Monday, June 8, 2015

ASSEMBLY OF FIRST TRUCK CONVOY IN LEDO

ASSEMBLY OF FIRST TRUCK CONVOY IN LEDO, Assam, to travel the Ledo- Burma Road, a route stretching over approximately 1,000 miles through Myitkyina, Burma, to Kunming, China. Note railroad to left of the road. The vehicles are loaded with supplies and ammunition; some are pulling antitank guns and filed artillery pieces.

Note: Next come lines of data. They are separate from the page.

lemma dist_split_mono_section:
  assumes d: "dist K A B C f g h" and r: "r \<in> Hom K B A" "cmp K r f = idm K A"
  shows "\<exists>s \<in> Hom K C B. cmp K g s = idm K C \<and> cmp K r s = mzero K C A"
proof -
  have f: "f \<in> Hom K A B" and g: "g \<in> Hom K B C" and h: "h \<in> Hom K C (shO K A)"
    using dist_hom d by auto
  have A: "A \<in> Ob K" and C: "C \<in> Ob K"
    using f g hom_dom hom_cod by blast+
  have "h = cmp K (shM K (cmp K r f)) h"
    using r(2) sh_idm[OF A] idm_left[OF h] by simp
  also have "\<dots> = cmp K (shM K r) (cmp K (shM K f) h)"
    using sh_cmp[OF f r(1)] cmp_assoc[OF h sh_hom[OF f] sh_hom[OF r(1)]] by simp
  also have "\<dots> = mzero K C (shO K A)"
    using dist_cmp_zero_sh[OF d] cmp_zero_right[OF sh_hom[OF r(1)] C] by simp
  finally have "h = mzero K C (shO K A)" .
  then have "cmp K h (idm K C) = mzero K C (shO K A)"
    using idm_right[OF h] by simp
  then obtain s0 where s0: "s0 \<in> Hom K C B" "cmp K g s0 = idm K C"
    using dist_weak_kernel[OF dist_rotate[OF d] idm_hom[OF C]] by blast
  define p where "p = cmp K f (cmp K r s0)"
  have rs0: "cmp K r s0 \<in> Hom K C A" and p: "p \<in> Hom K C B"
    using cmp_hom s0(1) r(1) f unfolding p_def by blast+
  have gp: "cmp K g p = mzero K C C"
    using cmp_assoc[OF rs0 f g] dist_cmp_zero[OF d] cmp_zero_left[OF rs0 C] unfolding p_def
    by simp
  have rp: "cmp K r p = cmp K r s0"
    using cmp_assoc[OF rs0 f r(1)] r(2) idm_left[OF rs0] unfolding p_def by simp
  have "cmp K g (madd K s0 (mneg K p)) = idm K C"
    using cmp_diff_left[OF s0(1) p g] s0(2) gp neg_zero[OF C C] add_zero[OF idm_hom[OF C]]
    by simp
  moreover have "cmp K r (madd K s0 (mneg K p)) = mzero K C A"
    using cmp_diff_left[OF s0(1) p r(1)] rp add_neg[OF rs0] by simp
  moreover have "madd K s0 (mneg K p) \<in> Hom K C B"
    using add_hom[OF s0(1) neg_hom[OF p]] .
  ultimately show ?thesis
    by blast
qed

lemma dist_split_mono_biprod:
  assumes d: "dist K A B C f g h"
    and r: "r \<in> Hom K B A" "cmp K r f = idm K A"
    and s: "s \<in> Hom K C B" "cmp K g s = idm K C" "cmp K r s = mzero K C A"
  shows "is_biprod K A C B f s r g"
proof -
  have f: "f \<in> Hom K A B" and g: "g \<in> Hom K B C"
    using dist_hom d by auto
  have A: "A \<in> Ob K" and B: "B \<in> Ob K" and C: "C \<in> Ob K"
    using f g hom_dom hom_cod by blast+
  define x where "x = madd K (cmp K f r) (cmp K s g)"
  have fr: "cmp K f r \<in> Hom K B B" and sg: "cmp K s g \<in> Hom K B B"
    using cmp_hom f g r(1) s(1) by blast+
  have x: "x \<in> Hom K B B"
    using add_hom[OF fr sg] unfolding x_def .
  have id_x: "madd K (idm K B) (mneg K x) \<in> Hom K B B"
    using add_hom[OF idm_hom[OF B] neg_hom[OF x]] .
  \<comment> \<open>\<open>id - x\<close> kills \<open>f\<close>, so factors through \<open>g\<close>; as it also kills the section \<open>s\<close> of \<open>g\<close>, it is zero\<close>
  have "cmp K x f = f"
    using cmp_add_right[OF fr sg f] cmp_assoc[OF f r(1) f] cmp_assoc[OF f g s(1)] r(2)
      dist_cmp_zero[OF d] idm_right[OF f] cmp_zero_right[OF s(1) A] add_zero[OF f]
    unfolding x_def by simp
  then have "cmp K (madd K (idm K B) (mneg K x)) f = mzero K A B"
    using cmp_diff_right[OF idm_hom[OF B] x f] idm_left[OF f] add_neg[OF f] by simp
  then obtain e where e: "e \<in> Hom K C B" "cmp K e g = madd K (idm K B) (mneg K x)"
    using dist_weak_cokernel[OF d id_x] by blast
  have "cmp K x s = s"
    using cmp_add_right[OF fr sg s(1)] cmp_assoc[OF s(1) r(1) f] cmp_assoc[OF s(1) g s(1)] s(2,3)
      idm_right[OF s(1)] cmp_zero_right[OF f C] add_zero_left[OF s(1)]
    unfolding x_def by simp
  then have "e = mzero K C B"
    using cmp_assoc[OF s(1) g e(1)] e(2) s(2) idm_right[OF e(1)] cmp_diff_right[OF idm_hom[OF B] x s(1)]
      idm_left[OF s(1)] add_neg[OF s(1)] by simp
  then have "madd K (idm K B) (mneg K x) = mzero K B B"
    using e(2) cmp_zero_left[OF g B] by simp
  then have "x = idm K B"
    using eq_of_diff_eq_zero[OF idm_hom[OF B] x] by simp
  then show ?thesis
    unfolding is_biprod_def x_def using f g r s dist_cmp_zero[OF d] by simp
qed
(* Let $n,k$ be integers with $2\le k\le n-1$, let $\varepsilon,\delta>0$, and let $$m:=\frac{12n(n-1)^2}{\varepsilon^2(n-k)^2k}\ln\frac{2n^2}{\delta}.$$ Let $\mathcal{I}=(I_1,\dots,I_m)$ be a sequence of random $k$-element subsets of $[n]=\{1,\dots,n\}$, sampled independently and uniformly from all $k$-element subsets of $[n]$, and define $$\mathcal{S}_{\mathcal{I}}:=\{M\in\mathbb{R}^{n\times n}: M_{I_i}\succeq 0 \text{ for all } i\in[m]\}.$$ Then with probability at least $1-\delta$, $$\overline{\mathrm{dist}}_F(\mathcal{S}_{\mathcal{I}},\mathcal{S}^n_+)\le (1+\varepsilon)\frac{n-k}{n+k-2}.$$
   Context: For $M\in\mathbb{R}^{n\times n}$ and $J\subseteq[n]$, $M_J$ is the principal submatrix of $M$ with rows and columns indexed by $J$; $A\succeq 0$ means $A$ is a real symmetric positive semidefinite (PSD) matrix. $\mathcal{S}^n_+$ denotes the cone of $n\times n$ real symmetric PSD matrices. For a matrix $M$, $\mathrm{dist}_F(M,\mathcal{S}^n_+)=\inf_{N\in\mathcal{S}^n_+}\|M-N\|_F$, where $\|\cdot\|_F$ is the Frobenius norm. For a set $\mathcal{K}$ of $n\times n$ matrices, $\overline{\mathrm{dist}}_F(\mathcal{K},\mathcal{S}^n_+)=\sup_{M\in\mathcal{K},\ \|M\|_F=1}\mathrm{dist}_F(M,\mathcal{S}^n_+)$. *)

theory Defs
  imports "HOL-Probability.Probability"
begin

text \<open>Real matrices are represented as functions nat => nat => real; only the
entries with indices in {..<n} (standing for [n] = {1..n}) matter.\<close>

definition psd_sub :: "(nat \<Rightarrow> nat \<Rightarrow> real) \<Rightarrow> nat set \<Rightarrow> bool" where
  "psd_sub M J \<longleftrightarrow> (\<forall>i\<in>J. \<forall>j\<in>J. M i j = M j i) \<and>
     (\<forall>x::nat \<Rightarrow> real. 0 \<le> (\<Sum>i\<in>J. \<Sum>j\<in>J. x i * M i j * x j))"

definition frob :: "nat \<Rightarrow> (nat \<Rightarrow> nat \<Rightarrow> real) \<Rightarrow> real" where
  "frob n M = sqrt (\<Sum>i<n. \<Sum>j<n. (M i j)\<^sup>2)"

definition dist_psd :: "nat \<Rightarrow> (nat \<Rightarrow> nat \<Rightarrow> real) \<Rightarrow> real" where
  "dist_psd n M = Inf {frob n (\<lambda>i j. M i j - N i j) | N. psd_sub N {..<n}}"

definition dist_bar :: "nat \<Rightarrow> (nat \<Rightarrow> nat \<Rightarrow> real) set \<Rightarrow> real" where
  "dist_bar n K = Sup {dist_psd n M | M. M \<in> K \<and> frob n M = 1}"

definition S_I :: "nat \<Rightarrow> (nat \<Rightarrow> nat set) \<Rightarrow> (nat \<Rightarrow> nat \<Rightarrow> real) set" where
  "S_I m I = {M. \<forall>i<m. psd_sub M (I i)}"

definition ksubsets :: "nat \<Rightarrow> nat \<Rightarrow> nat set set" where
  "ksubsets n k = {J. J \<subseteq> {..<n} \<and> card J = k}"

text \<open>m independent uniform samples from the k-subsets of [n]: uniform distribution
on sequences (extensional functions on {..<m}) of k-subsets.\<close>
definition sample_pmf :: "nat \<Rightarrow> nat \<Rightarrow> nat \<Rightarrow> (nat \<Rightarrow> nat set) pmf" where
  "sample_pmf n k m = pmf_of_set (PiE {..<m} (\<lambda>_. ksubsets n k))"

end

theory Submission
  imports Defs
begin

(* Let C i j count the sets I_t containing both i and j. Its mean is d = m k / n for i = j and
   e = m k (k - 1) / (n (n - 1)) for i ~= j, and by multiplicative Chernoff bounds and a union
   bound over the n^2 pairs, with probability at least 1 - delta every C i j lies within
   tau = eps (d - e) / 2 of its mean. For M in S_I the Hadamard product C o M is the sum of
   the blocks M_{I_t}, padded by zeros, hence PSD. So N = 2 / (d + e) (C o M) is a PSD
   matrix with |M i j - N i j| <= (d - e + 2 tau) / (d + e) |M i j| entrywise, and
   (d - e + 2 tau) / (d + e) = (1 + eps) (n - k) / (n + k - 2). *)

definition hits :: "nat \<Rightarrow> 'a set \<Rightarrow> (nat \<Rightarrow> 'a) \<Rightarrow> nat" where
  "hits m B f = card {t \<in> {..<m}. f t \<in> B}"

lemma ln_one_plus_ge:
  fixes u :: real
  assumes "0 \<le> u"
  shows "2 * u / (2 + u) \<le> ln (1 + u)"
proof -
  let ?g = "\<lambda>x. ln (1 + x) - 2 * x / (2 + x)"
  have "?g 0 \<le> ?g u"
  proof (rule DERIV_nonneg_imp_nondecreasing[OF assms])
    fix x :: real assume x: "0 \<le> x" "x \<le> u"
    have "(?g has_real_derivative (1 / (1 + x) - 4 / (2 + x)\<^sup>2)) (at x)"
      using x by (auto intro!: derivative_eq_intros simp: field_simps power2_eq_square)
    moreover have "1 / (1 + x) - 4 / (2 + x)\<^sup>2 = x\<^sup>2 / ((1 + x) * (2 + x)\<^sup>2)"
      using x by (simp add: divide_simps) (simp add: power2_eq_square algebra_simps)
    ultimately show "\<exists>y. (?g has_real_derivative y) (at x) \<and> 0 \<le> y"
      using x by fastforce
  qed
  then show ?thesis by simp
qed

lemma exp_minus_le_quadratic:
  fixes u :: real
  assumes "0 \<le> u"
  shows "exp (- u) \<le> 1 - u + u\<^sup>2 / 2"
proof -
  let ?g = "\<lambda>x. 1 - x + x\<^sup>2 / 2 - exp (- x)"
  have "?g 0 \<le> ?g u"
  proof (rule DERIV_nonneg_imp_nondecreasing[OF assms])
    fix x :: real
    have "(?g has_real_derivative (x - 1 + exp (- x))) (at x)"
      by (auto intro!: derivative_eq_intros)
    moreover have "0 \<le> x - 1 + exp (- x)"
      using exp_ge_add_one_self[of "- x"] by simp
    ultimately show "\<exists>y. (?g has_real_derivative y) (at x) \<and> 0 \<le> y" by blast
  qed
  then show ?thesis by simp
qed

lemma sum_exp_hits_PiE:
  fixes s :: real
  assumes "finite K"
  shows "(\<Sum>f\<in>PiE {..<m} (\<lambda>_. K). exp (s * hits m B f))
           = (real (card (K - B)) + real (card (K \<inter> B)) * exp s) ^ m"
proof -
  have "exp (s * hits m B f) = (\<Prod>t<m. if f t \<in> B then exp s else 1)" for f
    by (simp add: hits_def prod.If_cases Int_def exp_of_nat_mult[symmetric] mult.commute)
  then have "(\<Sum>f\<in>PiE {..<m} (\<lambda>_. K). exp (s * hits m B f))
               = (\<Prod>t<m. \<Sum>J\<in>K. if J \<in> B then exp s else 1)"
    using prod_sum_PiE[of "{..<m}" "\<lambda>_. K" "\<lambda>_ J. if J \<in> B then exp s else 1"] assms
    by simp
  also have "(\<Sum>J\<in>K. if J \<in> B then exp s else 1) = real (card (K - B)) + real (card (K \<inter> B)) * exp s"
    using assms by (simp add: sum.If_cases Diff_eq)
  finally show ?thesis by simp
qed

In August 1942 a training center was established at Ramgarh, India, for training the poorly equipped Chinese troops; concurrently, training centers were also established in China. In December 1942 the Allies began the construction of a new road leading from Ledo, India, across northern Burma to an intersection with the Burma Road near the China border. Subsequently this was supplemented by a pipeline for aviation and fuel oil from Calcutta, India, to Kunming, China. Pending the reopening of ground communications with China, the only route of supply available was the air transport system over the spur of the Himalayas from the Assam valley, India, to Kunming, a distance of approximately 500 air miles. 

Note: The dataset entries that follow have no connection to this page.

text \<open>The maximiser \<open>v\<close> of the quadratic form on the unit sphere is an eigenvector, because
  \<open>R I - S\<close> is positive semidefinite and its form vanishes at \<open>v\<close>.\<close>
lemma symmetric_rayleigh_max_eigval:
  fixes S :: "real^'n^'n"
  assumes sym: "transpose S = S"
  shows "\<exists>R\<in>eigvals S. \<forall>x. x \<bullet> (S *v x) \<le> R * (x \<bullet> x)"
proof -
  have cont: "continuous_on (sphere 0 1) (\<lambda>x::real^'n. x \<bullet> (S *v x))"
    by (intro continuous_intros linear_continuous_on matrix_vector_mul_bounded_linear)
  have "sphere (0::real^'n) 1 \<noteq> {}" by simp
  then obtain v :: "real^'n" where "v \<in> sphere 0 1"
    and vmax: "\<forall>y\<in>sphere 0 1. y \<bullet> (S *v y) \<le> v \<bullet> (S *v v)"
    using continuous_attains_sup[OF compact_sphere _ cont] by blast
  then have v: "norm v = 1" by simp
  define R where "R = v \<bullet> (S *v v)"
  have bound: "x \<bullet> (S *v x) \<le> R * (x \<bullet> x)" for x
  proof (cases "x = 0")
    case False
    have "x /\<^sub>R norm x \<in> sphere 0 1" using False by simp
    then have "(x /\<^sub>R norm x) \<bullet> (S *v (x /\<^sub>R norm x)) \<le> R"
      using vmax R_def by blast
    then show ?thesis using False
      by (simp add: matrix_vector_mult_scaleR dot_square_norm power2_eq_square field_simps)
  qed simp
  define B where "B = R *\<^sub>R mat 1 - S"
  have B: "B *v x = R *\<^sub>R x - S *v x" for x
    by (simp add: B_def matrix_vector_mult_diff_rdistrib scaleR_matrix_vector_assoc[symmetric])
  have "transpose B = B"
    using sym by (simp add: B_def vec_eq_iff transpose_def mat_def)
  moreover have "0 \<le> x \<bullet> (B *v x)" for x
    using bound[of x] by (simp add: B inner_diff_right)
  moreover have "v \<bullet> (B *v v) = 0"
    using v by (simp add: B inner_diff_right R_def dot_square_norm)
  ultimately have "B *v v = 0" by (rule psd_form_eq_zero_imp_kernel)
  then have "R \<in> eigvals S"
    using v unfolding eigvals_def B by (intro CollectI exI[of _ v]) auto
  then show ?thesis using bound by blast
qed

lemma lambda_max_symmetric:
  fixes S :: "real^'n^'n"
  assumes sym: "transpose S = S"
  shows "lambda_max S \<in> eigvals S" and "x \<bullet> (S *v x) \<le> lambda_max S * (x \<bullet> x)"
proof -
  obtain R where R: "R \<in> eigvals S" "\<And>x. x \<bullet> (S *v x) \<le> R * (x \<bullet> x)"
    using symmetric_rayleigh_max_eigval[OF sym] by blast
  have "lambda_max S = R"
    unfolding lambda_max_def using R finite_eigvals_symmetric[OF sym]
    by (intro Max_eqI) (auto intro: eigval_le_rayleigh_bound)
  then show "lambda_max S \<in> eigvals S" "x \<bullet> (S *v x) \<le> lambda_max S * (x \<bullet> x)"
    using R by auto
qed

lemma lambda_min_symmetric:
  fixes S :: "real^'n^'n"
  assumes sym: "transpose S = S"
  shows "lambda_min S \<in> eigvals S" and "lambda_min S * (x \<bullet> x) \<le> x \<bullet> (S *v x)"
proof -
  have neg: "(- S) *v x = - (S *v x)" for x
    by (simp add: matrix_vector_mult_def vec_eq_iff sum_negf)
  have "transpose (- S) = - S" using sym by (simp add: vec_eq_iff transpose_def)
  then obtain R where R: "R \<in> eigvals (- S)" "\<And>x. x \<bullet> ((- S) *v x) \<le> R * (x \<bullet> x)"
    using symmetric_rayleigh_max_eigval by blast
  have "- R \<in> eigvals S"
  proof -
    obtain v where "v \<noteq> 0" "(- S) *v v = R *\<^sub>R v" using R(1) by (rule eigvalsE)
    then have "v \<noteq> 0 \<and> S *v v = (- R) *\<^sub>R v" by (metis neg minus_minus scaleR_minus_left)
    then show ?thesis unfolding eigvals_def by blast
  qed
  moreover have bound: "- R * (x \<bullet> x) \<le> x \<bullet> (S *v x)" for x
    using R(2)[of x] by (simp add: neg)
  ultimately have "lambda_min S = - R"
    unfolding lambda_min_def using finite_eigvals_symmetric[OF sym]
    by (intro Min_eqI) (auto intro: eigval_ge_rayleigh_bound)
  then show "lambda_min S \<in> eigvals S" "lambda_min S * (x \<bullet> x) \<le> x \<bullet> (S *v x)"
    using \<open>- R \<in> eigvals S\<close> bound by auto
qed

lemma norm_matrix_vector_le_lambda_max:
  fixes S :: "real^'n^'n"
  assumes sym: "transpose S = S" and psd: "\<And>x. 0 \<le> x \<bullet> (S *v x)"
  shows "norm (S *v x) \<le> lambda_max S * norm x"
proof -
  let ?L = "lambda_max S" and ?y = "S *v x"
  have L: "0 \<le> ?L" using psd_eigval_nonneg[OF psd lambda_max_symmetric(1)[OF sym]] .
  have "(?y \<bullet> ?y)\<^sup>2 = (x \<bullet> (S *v ?y))\<^sup>2"
    using symmetric_matrix_inner[OF sym] by simp
  also have "\<dots> \<le> (x \<bullet> (S *v x)) * (?y \<bullet> (S *v ?y))"
    by (rule psd_form_Cauchy_Schwarz[OF sym psd])
  also have "\<dots> \<le> (?L * (x \<bullet> x)) * (?L * (?y \<bullet> ?y))"
    using L by (intro mult_mono lambda_max_symmetric(2)[OF sym] psd) auto
  finally have sq: "(norm ?y)\<^sup>2 * (norm ?y)\<^sup>2 \<le> (?L * norm x)\<^sup>2 * (norm ?y)\<^sup>2"
    by (simp add: dot_square_norm power2_eq_square mult_ac)
  have "(norm ?y)\<^sup>2 \<le> (?L * norm x)\<^sup>2"
  proof (cases "?y = 0")
    case False
    then show ?thesis using mult_right_le_imp_le[OF sq] by simp
  qed simp
  then show ?thesis using L by (simp add: power2_le_iff_abs_le)
qed

lemma transpose_congruence:
  fixes A :: "real^'n^'m"
  assumes "transpose C = C"
  shows "transpose (A ** C ** transpose A) = A ** C ** transpose A"
  using assms by (simp add: matrix_transpose_mul matrix_mul_assoc)

lemma congruence_psd:
  fixes A :: "real^'n^'m"
  assumes "\<And>y. 0 \<le> y \<bullet> (C *v y)"
  shows "0 \<le> x \<bullet> ((A ** C ** transpose A) *v x)"
  using assms[of "transpose A *v x"]
  by (simp add: matrix_vector_mul_assoc[symmetric] dot_lmul_matrix[symmetric])

section \<open>The resolvent of a shifted positive semidefinite matrix\<close>

lemma matrix_inv_invertible:
  fixes A :: "'a::semiring_1^'n^'n"
  assumes "invertible A"
  shows "A ** matrix_inv A = mat 1" and "matrix_inv A ** A = mat 1"
proof -
  have "A ** matrix_inv A = mat 1 \<and> matrix_inv A ** A = mat 1"
    using assms unfolding invertible_def matrix_inv_def by (rule someI_ex)
  then show "A ** matrix_inv A = mat 1" and "matrix_inv A ** A = mat 1" by auto
qed

locale psd_resolvent =
  fixes S :: "real^'m^'m" and \<mu> :: real
  assumes symmetric: "transpose S = S"
    and psd: "\<And>x. 0 \<le> x \<bullet> (S *v x)"
    and mu_pos: "0 < \<mu>"
begin

lemma lambda_min_nonneg: "0 \<le> lambda_min S"
  using psd_eigval_nonneg[OF psd lambda_min_symmetric(1)[OF symmetric]] .

lemma lambda_max_nonneg: "0 \<le> lambda_max S"
  using psd_eigval_nonneg[OF psd lambda_max_symmetric(1)[OF symmetric]] .

definition shifted :: "real \<Rightarrow> real^'m^'m" where
  "shifted \<gamma> = \<mu> *\<^sub>R mat 1 + \<gamma> *\<^sub>R S"

definition resolvent :: "real \<Rightarrow> real^'m^'m" where
  "resolvent \<gamma> = matrix_inv (shifted \<gamma>)"

lemma shifted_mult: "shifted \<gamma> *v x = \<mu> *\<^sub>R x + \<gamma> *\<^sub>R (S *v x)"
  by (simp add: shifted_def matrix_vector_mult_add_rdistrib scaleR_matrix_vector_assoc[symmetric])

lemma shifted_lower_bound_pos: "0 \<le> \<gamma> \<Longrightarrow> 0 < \<mu> + \<gamma> * lambda_min S"
  using mu_pos lambda_min_nonneg by (simp add: add_pos_nonneg)

lemma shifted_form_lower_bound:
  assumes "0 \<le> \<gamma>"
  shows "(\<mu> + \<gamma> * lambda_min S) * (x \<bullet> x) \<le> x \<bullet> (shifted \<gamma> *v x)"
  using mult_left_mono[OF lambda_min_symmetric(2)[OF symmetric] assms, of x]
  by (simp add: shifted_mult inner_add_right algebra_simps)

lemma invertible_shifted:
  assumes "0 \<le> \<gamma>"
  shows "invertible (shifted \<gamma>)"
  unfolding invertible_left_inverse matrix_left_invertible_ker
proof (intro allI impI)
  fix x assume "shifted \<gamma> *v x = 0"
  then have "(\<mu> + \<gamma> * lambda_min S) * (x \<bullet> x) \<le> 0"
    using shifted_form_lower_bound[OF assms, of x] by simp
  then have "x \<bullet> x \<le> 0"
    using shifted_lower_bound_pos[OF assms] by (simp add: mult_le_0_iff)
  then show "x = 0" by (metis inner_eq_zero_iff inner_ge_zero order_antisym)
qed

lemma shifted_resolvent: "0 \<le> \<gamma> \<Longrightarrow> shifted \<gamma> *v (resolvent \<gamma> *v y) = y"
  by (simp add: resolvent_def matrix_vector_mul_assoc matrix_inv_invertible(1) invertible_shifted)

lemma resolvent_shifted: "0 \<le> \<gamma> \<Longrightarrow> resolvent \<gamma> *v (shifted \<gamma> *v y) = y"
  by (simp add: resolvent_def matrix_vector_mul_assoc matrix_inv_invertible(2) invertible_shifted)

The United States was primarily interested in building up China’s military strength, and Burma would be a chief route for these supplies to reach China; indeed, President Roosevelt saw China taking its rightful place as a major world power at war’s end. U.S. military planners also saw China as a potential location for heavy bombers to be used in the strategic bombing of Japan. These conflicting views were exacerbated by the personalities involved. Stilwell continued to feud with Jiang, and he also held that the British were more interested in defending their Asian empire than in fighting Japan. Stilwell wanted to recover Burma, and he worked hard to improve the fighting ability of those Chinese army units he could influence. The only way to get substantial military heavy equipment to China—which was essential if its fighting ability was to improve dramatically—was by way of Burma, and so construction of the so-called Ledo Road there became imperative. In the meantime, the United States undertook a massive logistical air supply operation to China from bases in India over “the Hump” of the Himalaya Mountains, the highest in the world. The ubiquitous C-47 (DC-3) aircraft was the workhorse for much of this campaign.

Construction of the 478-mile-long Ledo Road to connect the old Burma Road from Ledo, India, to Bhama, Burma, took 25 months. The new road ran through jungles, over mountains, and across 10 rivers. U.S. Army Brigadier General Lewis A. Pick had charge of this vast project, one of the major engineering accomplishments of the war.